Allah c.c. tarafından bildirilen her şeye, inanarak iman etmiş, Peygamberimiz efendimiz s.a.v. birlikte aynı dönemde yaşamış, onunla yol arkadaşlığı yapmış, onunla birlikte cihat etmiş, onun sohbetlerinde bulunmuş ve Müslüman olarak ölen kimselere, Sahabe veya Ashap denmiştir.
1.Sahabe, insanlık tarihinin en hayırlı topluluğudur.
“Siz, insanların iyiliği için ortaya çıkarılmış en hayırlı ümmetsiniz, iyiliği emreder, kötülükten meneder ve Allah’a inanırsınız. Ehl-i kitap da inansaydı, elbet bu kendileri için çok iyi olurdu. (Gerçi) içlerinde iman edenler var, (fakat) çoğu yoldan çıkmışlardır.” (Ali İmran.110)
2.Sahabe, Allah’ın istediği gibi, sağlam bir imanla yaşamış cemaattir.

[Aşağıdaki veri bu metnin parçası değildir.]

section \<open>The resonance function on the support of the multiplier\<close>

lemma resonance_size_bound:
  fixes n a b :: int
  assumes n: "n > 0" and ab: "a + b < 0"
  shows "\<bar>Phi n (n - a - b) a b\<bar> \<le> 4 * ((n - a - b)\<^sup>2 * ((1 + a\<^sup>2) * (1 + b\<^sup>2)))"
proof -
  define n1 where "n1 = n - a - b"
  define X where "X = n1\<^sup>2 * ((1 + a\<^sup>2) * (1 + b\<^sup>2))"
  have n1: "n < n1" unfolding n1_def using ab by linarith
  have "1 \<le> n1\<^sup>2" "1 \<le> 1 + a\<^sup>2" "1 \<le> 1 + b\<^sup>2"
    using n n1 by (simp_all add: power2_ge_1_iff)
  then have "n1\<^sup>2 * (1 * 1) \<le> X" "1 * ((1 + a\<^sup>2) * 1) \<le> X" "1 * (1 * (1 + b\<^sup>2)) \<le> X"
    unfolding X_def by (intro mult_mono; simp)+
  moreover have "n\<^sup>2 \<le> n1\<^sup>2"
    using n n1 by (intro power_mono) auto
  moreover have "\<bar>Phi n n1 a b\<bar> \<le> n\<^sup>2 + n1\<^sup>2 + a\<^sup>2 + b\<^sup>2"
  proof -
    have "\<bar>x * \<bar>x\<bar>\<bar> = x\<^sup>2" for x :: int
      by (simp add: abs_mult power2_eq_square)
    then show ?thesis
      unfolding Phi_def by (smt (verit))
  qed
  ultimately show ?thesis
    unfolding X_def n1_def by simp
qed

text \<open>
  Since \<open>|m1| = 2 Q / (n1 max 1 |a|)\<close> (see \<open>cmod_m1t\<close>), the conclusions of the three
  case lemmas below are the bounds \<open>|m1|/|\<Phi>| \<le> 2/n1\<close> and
  \<open>(|m1|/|\<Phi>|)\<^sup>2 (1 + |a|)(1 + |b|) \<le> 64\<close> with denominators cleared.
\<close>

lemma resonance_bounds_nonpos_neg:
  fixes n a b :: int
  assumes n: "n > 0" and a: "a \<le> 0" and b: "b < 0"
  defines "P \<equiv> \<bar>Phi n (n - a - b) a b\<bar>" and "Q \<equiv> n * \<bar>a + b\<bar>"
  shows "P > 0" "Q \<le> P * max 1 \<bar>a\<bar>"
    "4 * Q\<^sup>2 * ((1 + \<bar>a\<bar>) * (1 + \<bar>b\<bar>)) \<le> 64 * (P\<^sup>2 * (n - a - b)\<^sup>2 * (max 1 \<bar>a\<bar>)\<^sup>2)"
proof -
  define h where "h = max 1 \<bar>a\<bar>"
  define n1 where "n1 = n - a - b"
  have ab: "a * b \<ge> 0"
    using a b by (simp add: mult_nonpos_nonpos)
  have Q: "Q = - (n * (a + b))" "Q > 0"
    unfolding Q_def using n a b by (simp add: algebra_simps, simp add: zero_less_mult_iff)
  have "Phi n (n - a - b) a b = 2 * (n * (a + b)) - 2 * (a * b)"
    unfolding Phi_def using n a b
    by (simp add: abs_of_nonpos abs_of_neg abs_of_pos power2_eq_square algebra_simps)
  moreover have "n * (a + b) < 0"
    using n a b by (simp add: mult_pos_neg)
  ultimately have P: "P = 2 * Q + 2 * (a * b)"
    unfolding P_def Q(1) using ab by simp
  show "P > 0"
    using P Q ab by linarith
  have h: "1 \<le> h" "1 + \<bar>a\<bar> \<le> 2 * h"
    unfolding h_def by auto
  have n1: "1 + \<bar>b\<bar> \<le> n1" "1 \<le> n1"
    unfolding n1_def using n a b by linarith+
  show "Q \<le> P * max 1 \<bar>a\<bar>"
    using P Q ab h(1) mult_left_mono[OF h(1), of P] unfolding h_def by linarith
  have "4 * Q\<^sup>2 = (2 * Q)\<^sup>2"
    by (simp add: power_mult_distrib)
  also have "\<dots> \<le> P\<^sup>2"
    using P Q ab by (intro power_mono) auto
  finally have "4 * Q\<^sup>2 * ((1 + \<bar>a\<bar>) * (1 + \<bar>b\<bar>)) \<le> P\<^sup>2 * ((2 * h) * n1)"
    using h n1 by (intro mult_mono mult_mono') auto
  also have "\<dots> \<le> P\<^sup>2 * (64 * (n1\<^sup>2 * h\<^sup>2))"
  proof (rule mult_left_mono)
    have "2 * h * n1 \<le> 64 * (h * h) * (n1 * n1)"
      using h n1 by (intro mult_mono) auto
    then show "2 * h * n1 \<le> 64 * (n1\<^sup>2 * h\<^sup>2)"
      by (simp add: power2_eq_square ac_simps)
  qed simp
  finally show "4 * Q\<^sup>2 * ((1 + \<bar>a\<bar>) * (1 + \<bar>b\<bar>)) \<le> 64 * (P\<^sup>2 * (n - a - b)\<^sup>2 * (max 1 \<bar>a\<bar>)\<^sup>2)"
    unfolding h_def n1_def by (simp add: ac_simps)
qed

lemma le_two_mult_abs_diff:
  fixes n a :: int
  assumes "n > 0" "a > 0" "n \<noteq> a"
  shows "n \<le> 2 * a * \<bar>n - a\<bar>"
  using assms by (smt (verit, ccfv_SIG) mult_le_cancel_left1 mult_le_cancel_right1
    mult_le_cancel_right2 mult_less_cancel_right1 right_diff_distrib')

lemma resonance_pos_neg_far:
  fixes n a d :: int
  assumes n: "n > 0" and a: "2 * n \<le> a" and d: "d \<ge> 1"
  shows "n\<^sup>2 * ((1 + a) * (1 + a + d)) \<le> 64 * ((n - a)\<^sup>2 * (n + d)\<^sup>2 * a\<^sup>2)"
proof -
  have "a \<le> 2 * \<bar>n - a\<bar>"
    using a n by arith
  then have "a\<^sup>2 \<le> (2 * \<bar>n - a\<bar>)\<^sup>2"
    using a n by (intro power_mono) auto
  then have 1: "a\<^sup>2 \<le> 4 * (n - a)\<^sup>2"
    by (simp add: power_mult_distrib)
  have 2: "n\<^sup>2 \<le> a\<^sup>2"
    using a n by (intro power_mono) auto
  have "1 * (n + d) \<le> a * (n + d)" "a * 1 \<le> a * (n + d)"
    using a n d by (intro mult_right_mono mult_left_mono; simp)+
  then have "1 + a + d \<le> 2 * (a * (n + d))"
    using n by simp
  then have 3: "(1 + a) * (1 + a + d) \<le> (2 * a) * (2 * (a * (n + d)))"
    by (rule mult_mono'[rotated]) (use a n d in auto)
  have "n\<^sup>2 * ((1 + a) * (1 + a + d)) \<le> a\<^sup>2 * ((2 * a) * (2 * (a * (n + d))))"
    by (rule mult_mono'[OF 2 3]) (use a d n in auto)
  also have "\<dots> = 4 * (a\<^sup>2 * a\<^sup>2 * (n + d))"
    by (simp add: power2_eq_square)
  also have "\<dots> \<le> 4 * ((4 * (n - a)\<^sup>2) * a\<^sup>2 * (n + d)\<^sup>2)"
    using 1 n d by (intro mult_left_mono mult_mono') (auto simp: power2_eq_square)
  finally have "n\<^sup>2 * ((1 + a) * (1 + a + d)) \<le> 16 * ((n - a)\<^sup>2 * (n + d)\<^sup>2 * a\<^sup>2)"
    by (simp add: ac_simps)
  moreover have "0 \<le> (n - a)\<^sup>2 * (n + d)\<^sup>2 * a\<^sup>2"
    by simp
  ultimately show ?thesis
    by linarith
qed

lemma resonance_pos_neg_near_zero:
  fixes n a d :: int
  assumes n: "n > 0" and a: "a > 0" "2 * a \<le> n" and d: "d \<ge> 1"
  shows "n\<^sup>2 * ((1 + a) * (1 + a + d)) \<le> 64 * ((n - a)\<^sup>2 * (n + d)\<^sup>2 * a\<^sup>2)"
proof -
  have "n \<le> 2 * \<bar>n - a\<bar>"
    using a by arith
  then have "n\<^sup>2 \<le> (2 * \<bar>n - a\<bar>)\<^sup>2"
    using n by (intro power_mono) auto
  then have 1: "n\<^sup>2 \<le> 4 * (n - a)\<^sup>2"
    by (simp add: power_mult_distrib)
  have "1 + a \<le> 2 * a\<^sup>2"
    using a by (simp add: power2_eq_square) (smt (verit) mult_le_cancel_left1)
  moreover have "n + d \<le> (n + d)\<^sup>2"
    using n d by (simp add: power2_eq_square)
  then have "1 + a + d \<le> (n + d)\<^sup>2"
    using a by arith
  ultimately have 3: "(1 + a) * (1 + a + d) \<le> (2 * a\<^sup>2) * (n + d)\<^sup>2"
    using a d by (intro mult_mono') auto
  have "n\<^sup>2 * ((1 + a) * (1 + a + d)) \<le> (4 * (n - a)\<^sup>2) * ((2 * a\<^sup>2) * (n + d)\<^sup>2)"
    by (rule mult_mono'[OF 1 3]) (use a d n in auto)
  then have "n\<^sup>2 * ((1 + a) * (1 + a + d)) \<le> 8 * ((n - a)\<^sup>2 * (n + d)\<^sup>2 * a\<^sup>2)"
    by (simp add: ac_simps)
  moreover have "0 \<le> (n - a)\<^sup>2 * (n + d)\<^sup>2 * a\<^sup>2"
    by simp
  ultimately show ?thesis
    by linarith
qed

lemma resonance_pos_neg_comparable:
  fixes n a d :: int
  assumes n: "n > 0" and a: "a < 2 * n" "n < 2 * a" and na: "n \<noteq> a" and d: "d \<ge> 1"
  shows "n\<^sup>2 * ((1 + a) * (1 + a + d)) \<le> 64 * ((n - a)\<^sup>2 * (n + d)\<^sup>2 * a\<^sup>2)"
proof -
  have 1: "n\<^sup>2 \<le> (2 * a)\<^sup>2"
    using a n by (intro power_mono) auto
  have 3: "(1 + a) * (1 + a + d) \<le> (4 * (n + d)) * (2 * (n + d))"
    using a d n by (intro mult_mono') auto
  have 4: "(n - a)\<^sup>2 \<ge> 1"
    using na power2_ge_1_iff by fastforce
  have "n\<^sup>2 * ((1 + a) * (1 + a + d)) \<le> (2 * a)\<^sup>2 * ((4 * (n + d)) * (2 * (n + d)))"
    by (rule mult_mono'[OF 1 3]) (use a d n in auto)
  also have "\<dots> = 32 * (1 * (n + d)\<^sup>2 * a\<^sup>2)"
    by (simp add: power2_eq_square algebra_simps)
  also have "\<dots> \<le> 64 * ((n - a)\<^sup>2 * (n + d)\<^sup>2 * a\<^sup>2)"
    using 4 by (intro mult_mono' mult_right_mono) auto
  finally show ?thesis .
qed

“İman edip de Allah yolunda hicret ve cihad edenler, (muhacirleri) barındıran ve yardım edenler var ya, işte gerçek müminler onlardır. Onlar için mağfiret ve bol rızk vardır.” (Enfal.74)
3.Sahabe, iman iddialarını söz ve amelle tasdik eden, sadık nesildir.
“(Allah’ın verdiği bu ganimet mallar) yurtlarından ve mallarından uzaklaştırılmış olan, Allah’tan bir lütuf ve rıza dileyen, Allah’ın dinine ve Peygamberine yardım eden fakir muhacirlerindir. İşte doğru olanlar bunlardır.” (Haşr.8)
4.Sahabe, imanlarını Allah’a tasdik ettirerek, rıza makamını elde etmiş bir topluluktur.
“(İslâm dinine girme hususunda) öne geçen ilk muhacirler ve ensar ile onlara güzellikle tabi olanlar var ya, işte Allah onlardan razı olmuştur, onlar da Allah’tan razı olmuşlardır. Allah onlara, içinde ebedî kalacakları, zemininden ırmaklar akan, cennetler hazırlamıştır. İşte bu büyük kurtuluştur.” (Tevbe.100)
5.Sahabe, imanın en önemli azığı olan takvayı, hayatlarının merkezine yerleştiren bir zümredir.
“O zaman inkâr edenler, kalplerine taassubu, cahiliye taassubunu yerleştirmişlerdi. Allah da elçisine ve müminlere sükûnet ve güvenini indirdi, onların takvâ sözünü tutmalarını sağladı. Zaten onlar buna lâyık ve ehil kimselerdi. Allah her şeyi bilendir.” (Fetih.26)
6.Sahabe, sadece iman etmemiş, imanı sevmiş ve bununla akli olgunluğa erişmiş bir cemaattir.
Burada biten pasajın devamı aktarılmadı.